Article 26 November 2018

Alan D. Baddeley, Graham J. Hitch & Richard J. Allen

Working memory (WM) capacity is a core cognitive ability that predicts performance across many domains. For example, WM capacity predicts attentional control, fluid intelligence, and real-world outcomes such as perceiving hazards while driving (Engle, Tuholski, Laughlin, & Conway, 1999; Fukuda, Vogel, Mayr, & Awh, 2010; Wood, Hartley, Furley, & Wilson, 2016). For these reasons, researchers are often interested in devising brief measures of WM capacity to investigate the relationship of WM capacity to other cognitive processes. However, truncated versions of WM capacity tasks could potentially be inadequate for reliably measuring an individual’s capacity. Inadequate measurement could obscure correlations between measures, or even differences in performance between experimental conditions. Furthermore, although WM capacity is considered to be a stable trait of the observer, little work has directly examined the role of extensive practice in the measurement of WM capacity over time. This is of particular concern because of the popularity of research examining whether training affects WM capacity (Melby-Lervåg & Hulme, 2013; Shipstead, Redick, & Engle, 2012). Extensive practice on any given cognitive task has the potential to significantly alter the nature of the variance that determines performance. For example, extensive practice has the potential to induce a restriction-of-range problem, in which the bulk of the observers reach similar performance levels—thus reducing any opportunity to observe correlations with other measures. Consequently, a systematic study of the reliability and stability of WM capacity measures is critical for improving the measurement and reproducibility of major phenomena in this field.

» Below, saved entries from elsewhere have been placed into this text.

(* Let $W\in\mathbb{R}^{n\times m}$ with rows $w_1,\dots,w_n$, let $u\in\mathbb{R}^{1\times n}$, and let $a\le b$ be real numbers. Call a pair $(\Delta x,\Delta\sigma)\in\mathbb{R}^m\times\mathbb{R}^n$ admissible if $\Delta x\neq0$ and for every $i\in[n]$, $$\begin{pmatrix}w_i\Delta x\\ \Delta\sigma_i\end{pmatrix}^T\begin{pmatrix}-2ab& a+b\\ a+b&-2\end{pmatrix}\begin{pmatrix}w_i\Delta x\\ \Delta\sigma_i\end{pmatrix}\ge 0 .$$ Then $$\sup_{(\Delta x,\Delta\sigma)\ \text{admissible}}\frac{(u\Delta\sigma)^2}{\langle\Delta x,\Delta x\rangle}=\max_{y\in[a,b]^n}\big\|W^T\mathrm{diag}(y)u^T\big\|_2^2 .$$
   Context: $\mathrm{diag}(y)$ is the diagonal matrix with diagonal $y$. The constraint on $(w_i\Delta x,\Delta\sigma_i)$ is equivalent to $(\Delta\sigma_i-a\,w_i\Delta x)(\Delta\sigma_i-b\,w_i\Delta x)\le0$, i.e. it encodes that the $i$-th activation has slope in $[a,b]$. *)

theory Defs
  imports "HOL-Analysis.Analysis"
begin

text \<open>Rows of W are indexed by 'n; W :: real^'m^'n, so (W *v dx)$i = w_i dx.\<close>

definition admissible ::
  "real \<Rightarrow> real \<Rightarrow> real^'m^'n \<Rightarrow> real^'m \<Rightarrow> real^'n \<Rightarrow> bool" where
  "admissible a b W dx ds \<longleftrightarrow> dx \<noteq> 0 \<and>
     (\<forall>i. (let p = (W *v dx) $ i; q = ds $ i in
        p * (-2*a*b * p + (a+b) * q) + q * ((a+b) * p + (-2) * q) \<ge> 0))"

definition diag_mul :: "real^'n \<Rightarrow> real^'n \<Rightarrow> real^'n" where
  "diag_mul y u = (\<chi> i. y $ i * u $ i)"

definition box_ab :: "real \<Rightarrow> real \<Rightarrow> (real^'n) set" where
  "box_ab a b = {y. \<forall>i. a \<le> y $ i \<and> y $ i \<le> b}"

end

theory Submission
  imports Defs
begin

text \<open>The quadratic constraint says exactly that \<open>\<Delta>\<sigma>\<^sub>i = y\<^sub>i w\<^sub>i\<Delta>x\<close> for some
  slope \<open>y \<in> [a,b]\<^sup>n\<close>, and then \<open>u\<Delta>\<sigma> = \<langle>W\<^sup>T diag(y) u\<^sup>T, \<Delta>x\<rangle>\<close>. For fixed \<open>y\<close> the
  supremum over \<open>\<Delta>x\<close> of \<open>\<langle>v,\<Delta>x\<rangle>\<^sup>2/\<langle>\<Delta>x,\<Delta>x\<rangle>\<close> is \<open>\<parallel>v\<parallel>\<^sup>2\<close> by Cauchy-Schwarz,
  attained at \<open>\<Delta>x = v\<close>; so the supremum over admissible pairs is the supremum of
  \<open>\<parallel>W\<^sup>T diag(y) u\<^sup>T\<parallel>\<^sup>2\<close> over the box, which is a maximum by compactness.\<close>

lemma sector_iff_slope:
  fixes a b p q :: real
  assumes "a \<le> b"
  shows "p * (-2*a*b * p + (a+b) * q) + q * ((a+b) * p + (-2) * q) \<ge> 0
         \<longleftrightarrow> (\<exists>y. a \<le> y \<and> y \<le> b \<and> q = y * p)"
proof -
  have "p * (-2*a*b * p + (a+b) * q) + q * ((a+b) * p + (-2) * q) = -2 * ((q - a*p) * (q - b*p))"
    by (simp add: algebra_simps)
  then have sector: "p * (-2*a*b * p + (a+b) * q) + q * ((a+b) * p + (-2) * q) \<ge> 0
                     \<longleftrightarrow> (q - a*p) * (q - b*p) \<le> 0"
    by linarith
  show ?thesis
  proof (cases "p = 0")
    case True
    then show ?thesis unfolding sector using assms by (auto simp: mult_le_0_iff)
  next
    case False
    have "(q - a*p) * (q - b*p) = p\<^sup>2 * ((q/p - a) * (q/p - b))"
      using False by (simp add: field_simps power2_eq_square)
    moreover have "(q/p - a) * (q/p - b) \<le> 0 \<longleftrightarrow> a \<le> q/p \<and> q/p \<le> b"
      using assms by (auto simp: mult_le_0_iff)
    moreover have "(\<exists>y. a \<le> y \<and> y \<le> b \<and> q = y * p) \<longleftrightarrow> a \<le> q/p \<and> q/p \<le> b"
      using False by auto
    ultimately show ?thesis unfolding sector using False by (simp add: mult_le_0_iff)
  qed
qed

lemma admissible_iff_slopes:
  assumes "a \<le> b"
  shows "admissible a b W dx ds \<longleftrightarrow>
           dx \<noteq> 0 \<and> (\<exists>y \<in> box_ab a b. ds = diag_mul y (W *v dx))"
proof -
  have "(\<forall>i. \<exists>y. a \<le> y \<and> y \<le> b \<and> ds $ i = y * (W *v dx) $ i)
        \<longleftrightarrow> (\<exists>y \<in> box_ab a b. ds = diag_mul y (W *v dx))"
  proof
    assume "\<forall>i. \<exists>y. a \<le> y \<and> y \<le> b \<and> ds $ i = y * (W *v dx) $ i"
    then obtain y where "\<forall>i. a \<le> y i \<and> y i \<le> b \<and> ds $ i = y i * (W *v dx) $ i"
      by metis
    then show "\<exists>y \<in> box_ab a b. ds = diag_mul y (W *v dx)"
      by (intro bexI[of _ "\<chi> i. y i"]) (auto simp: box_ab_def diag_mul_def vec_eq_iff)
  qed (auto simp: box_ab_def diag_mul_def)
  then show ?thesis
    unfolding admissible_def Let_def sector_iff_slope[OF assms] by simp
qed

lemma inner_diag_mul_transpose:
  fixes W :: "real^'m^'n"
  shows "u \<bullet> diag_mul y (W *v x) = (transpose W *v diag_mul y u) \<bullet> x"
proof -
  have "u \<bullet> diag_mul y (W *v x) = diag_mul y u \<bullet> (W *v x)"
    by (simp add: diag_mul_def inner_vec_def algebra_simps)
  also have "\<dots> = (diag_mul y u v* W) \<bullet> x"
    by (rule dot_lmul_matrix[symmetric])
  finally show ?thesis
    using vector_transpose_matrix[of _ "transpose W"] by simp
qed

lemma SUP_inner_square_ratio:
  fixes v :: "'a::euclidean_space"
  shows "(SUP x \<in> - {0}. ereal ((v \<bullet> x)\<^sup>2 / (x \<bullet> x))) = ereal ((norm v)\<^sup>2)"
proof (rule SUP_eqI)
  fix x :: 'a
  assume "x \<in> - {0}"
  then have "x \<bullet> x > 0" by simp
  moreover have "(v \<bullet> x)\<^sup>2 \<le> (norm v)\<^sup>2 * (x \<bullet> x)"
    using power_mono[OF Cauchy_Schwarz_ineq2[of v x], of 2]
    by (simp add: power_mult_distrib power2_norm_eq_inner)
  ultimately show "ereal ((v \<bullet> x)\<^sup>2 / (x \<bullet> x)) \<le> ereal ((norm v)\<^sup>2)"
    by (simp add: divide_le_eq)
next
  fix z
  assume ub: "\<And>x. x \<in> - {0} \<Longrightarrow> ereal ((v \<bullet> x)\<^sup>2 / (x \<bullet> x)) \<le> z"
  obtain e :: 'a where "e \<in> Basis" using nonempty_Basis by blast
  then have "e \<noteq> 0" by auto
  define x where "x = (if v = 0 then e else v)"
  have "x \<noteq> 0" using \<open>e \<noteq> 0\<close> by (simp add: x_def)
  moreover have "(v \<bullet> x)\<^sup>2 / (x \<bullet> x) = (norm v)\<^sup>2"
    by (simp add: x_def dot_square_norm power2_eq_square)
  ultimately show "ereal ((norm v)\<^sup>2) \<le> z" using ub[of x] by simp
qed

lemma SUP_admissible_eq_SUP_box:
  fixes W :: "real^'m^'n" and u :: "real^'n"
  assumes "a \<le> b"
  shows "(SUP p \<in> {(dx, ds). admissible a b W dx ds}. ereal ((u \<bullet> snd p)\<^sup>2 / (fst p \<bullet> fst p)))
         = (SUP y \<in> box_ab a b. ereal ((norm (transpose W *v diag_mul y u))\<^sup>2))"
    (is "(SUP p \<in> ?A. ?g p) = (SUP y \<in> _. ?f y)")
proof (rule antisym)
  show "(SUP p \<in> ?A. ?g p) \<le> (SUP y \<in> box_ab a b. ?f y)"
  proof (rule SUP_least)
    fix p
    assume "p \<in> ?A"
    then have "admissible a b W (fst p) (snd p)"
      by (simp add: case_prod_beta)
    then obtain y :: "real^'n" where y: "y \<in> box_ab a b" and "fst p \<noteq> 0"
      and ds: "snd p = diag_mul y (W *v fst p)"
      unfolding admissible_iff_slopes[OF assms] by blast
    have "?g p = ereal (((transpose W *v diag_mul y u) \<bullet> fst p)\<^sup>2 / (fst p \<bullet> fst p))"
      by (simp add: ds inner_diag_mul_transpose)
    also have "\<dots> \<le> (SUP x \<in> - {0}. ereal (((transpose W *v diag_mul y u) \<bullet> x)\<^sup>2 / (x \<bullet> x)))"
      using \<open>fst p \<noteq> 0\<close> by (intro SUP_upper) simp
    also have "\<dots> = ?f y"
      by (rule SUP_inner_square_ratio)
    also have "\<dots> \<le> (SUP y \<in> box_ab a b. ?f y)"
      using y by (rule SUP_upper)
    finally show "?g p \<le> (SUP y \<in> box_ab a b. ?f y)" .
  qed
  show "(SUP y \<in> box_ab a b. ?f y) \<le> (SUP p \<in> ?A. ?g p)"
  proof (rule SUP_least)
    fix y :: "real^'n"
    assume y: "y \<in> box_ab a b"
    have "?f y = (SUP x \<in> - {0}. ereal (((transpose W *v diag_mul y u) \<bullet> x)\<^sup>2 / (x \<bullet> x)))"
      by (rule SUP_inner_square_ratio[symmetric])
    also have "\<dots> \<le> (SUP p \<in> ?A. ?g p)"
    proof (rule SUP_least)
      fix dx :: "real^'m"
      assume "dx \<in> - {0}"
      then have "(dx, diag_mul y (W *v dx)) \<in> ?A"
        using admissible_iff_slopes[OF assms] y by auto
      then have "?g (dx, diag_mul y (W *v dx)) \<le> (SUP p \<in> ?A. ?g p)"
        by (rule SUP_upper)
      then show "ereal (((transpose W *v diag_mul y u) \<bullet> dx)\<^sup>2 / (dx \<bullet> dx)) \<le> (SUP p \<in> ?A. ?g p)"
        by (simp add: inner_diag_mul_transpose)
    qed
    finally show "?f y \<le> (SUP p \<in> ?A. ?g p)" .
  qed
qed

lemma norm_transpose_diag_mul_attains_max:
  fixes W :: "real^'m^'n" and u :: "real^'n"
  assumes "a \<le> b"
  obtains y0 where "y0 \<in> box_ab a b"
    and "\<And>y. y \<in> box_ab a b \<Longrightarrow>
           (norm (transpose W *v diag_mul y u))\<^sup>2 \<le> (norm (transpose W *v diag_mul y0 u))\<^sup>2"
proof -
  have "box_ab a b = (cbox (vec a) (vec b) :: (real^'n) set)"
    by (auto simp: box_ab_def mem_box_cart)
  then have "compact (box_ab a b :: (real^'n) set)"
    by simp
  moreover have "(box_ab a b :: (real^'n) set) \<noteq> {}"
    using assms by (auto simp: box_ab_def intro!: exI[of _ "vec a"])
  moreover have "continuous_on (box_ab a b) (\<lambda>y. (norm (transpose W *v diag_mul y u))\<^sup>2)"
    unfolding diag_mul_def
    by (intro continuous_intros linear_continuous_on matrix_vector_mul_bounded_linear
          continuous_on_compose2[OF linear_continuous_on[OF matrix_vector_mul_bounded_linear]]) auto
  ultimately have "\<exists>y0 \<in> box_ab a b. \<forall>y \<in> box_ab a b.
      (norm (transpose W *v diag_mul y u))\<^sup>2 \<le> (norm (transpose W *v diag_mul y0 u))\<^sup>2"
    by (rule continuous_attains_sup)
  then show ?thesis
    using that by blast
qed

theorem mainTheorem7:
  fixes W :: "real^'m^'n" and u :: "real^'n" and a b :: real
  assumes "a \<le> b"
  shows "\<exists>y0 \<in> box_ab a b.
           (\<forall>y \<in> box_ab a b. (norm (transpose W *v diag_mul y u))^2
                              \<le> (norm (transpose W *v diag_mul y0 u))^2) \<and>
           (SUP p \<in> {(dx, ds). admissible a b W dx ds}.
              ereal ((u \<bullet> snd p)^2 / (fst p \<bullet> fst p)))
           = ereal ((norm (transpose W *v diag_mul y0 u))^2)"
proof -
  obtain y0 where y0: "y0 \<in> box_ab a b"
    and max: "\<And>y. y \<in> box_ab a b \<Longrightarrow>
           (norm (transpose W *v diag_mul y u))\<^sup>2 \<le> (norm (transpose W *v diag_mul y0 u))\<^sup>2"
    using norm_transpose_diag_mul_attains_max[OF assms, where W = W and u = u] by blast
  have "(SUP p \<in> {(dx, ds). admissible a b W dx ds}. ereal ((u \<bullet> snd p)\<^sup>2 / (fst p \<bullet> fst p)))
        = (SUP y \<in> box_ab a b. ereal ((norm (transpose W *v diag_mul y u))\<^sup>2))"
    by (rule SUP_admissible_eq_SUP_box[OF assms])
  also have "\<dots> = ereal ((norm (transpose W *v diag_mul y0 u))\<^sup>2)"
    using y0 max by (intro cSup_eq_maximum) auto
  finally have "(SUP p \<in> {(dx, ds). admissible a b W dx ds}.
      ereal ((u \<bullet> snd p)\<^sup>2 / (fst p \<bullet> fst p))) = ereal ((norm (transpose W *v diag_mul y0 u))\<^sup>2)" .
  moreover have "\<forall>y \<in> box_ab a b.
      (norm (transpose W *v diag_mul y u))\<^sup>2 \<le> (norm (transpose W *v diag_mul y0 u))\<^sup>2"
    using max by blast
  ultimately show ?thesis
    using y0 by (intro bexI[of _ y0] conjI)
qed

end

In the present study, we sought to establish the reliability and stability of one particular WM capacity measure: change detection. Change detection measures of visual WM have gained popularity as a means of assessing individual differences in capacity. In a typical change detection task, participants briefly view an array of simple visual items (for ~100–500 ms), such as colored squares, and remember these items across a short delay (~1–2 s). At test, observers are presented with an item at one of the remembered locations, and they indicate whether the presented test item is the same as the remembered item (“no-change” trial) or is different (“change trial”). Performance can be quantified as raw accuracy or converted into a capacity estimate (“K”). In capacity estimates, performance for change trials and no-change trials is calculated separately as hits (the proportion of correct change trials) and false alarms (the proportion of incorrect no-change trials) and converted into a set-size-dependent score (Cowan, 2001; Pashler, 1988; Rouder, Morey, Morey, & Cowan, 2011).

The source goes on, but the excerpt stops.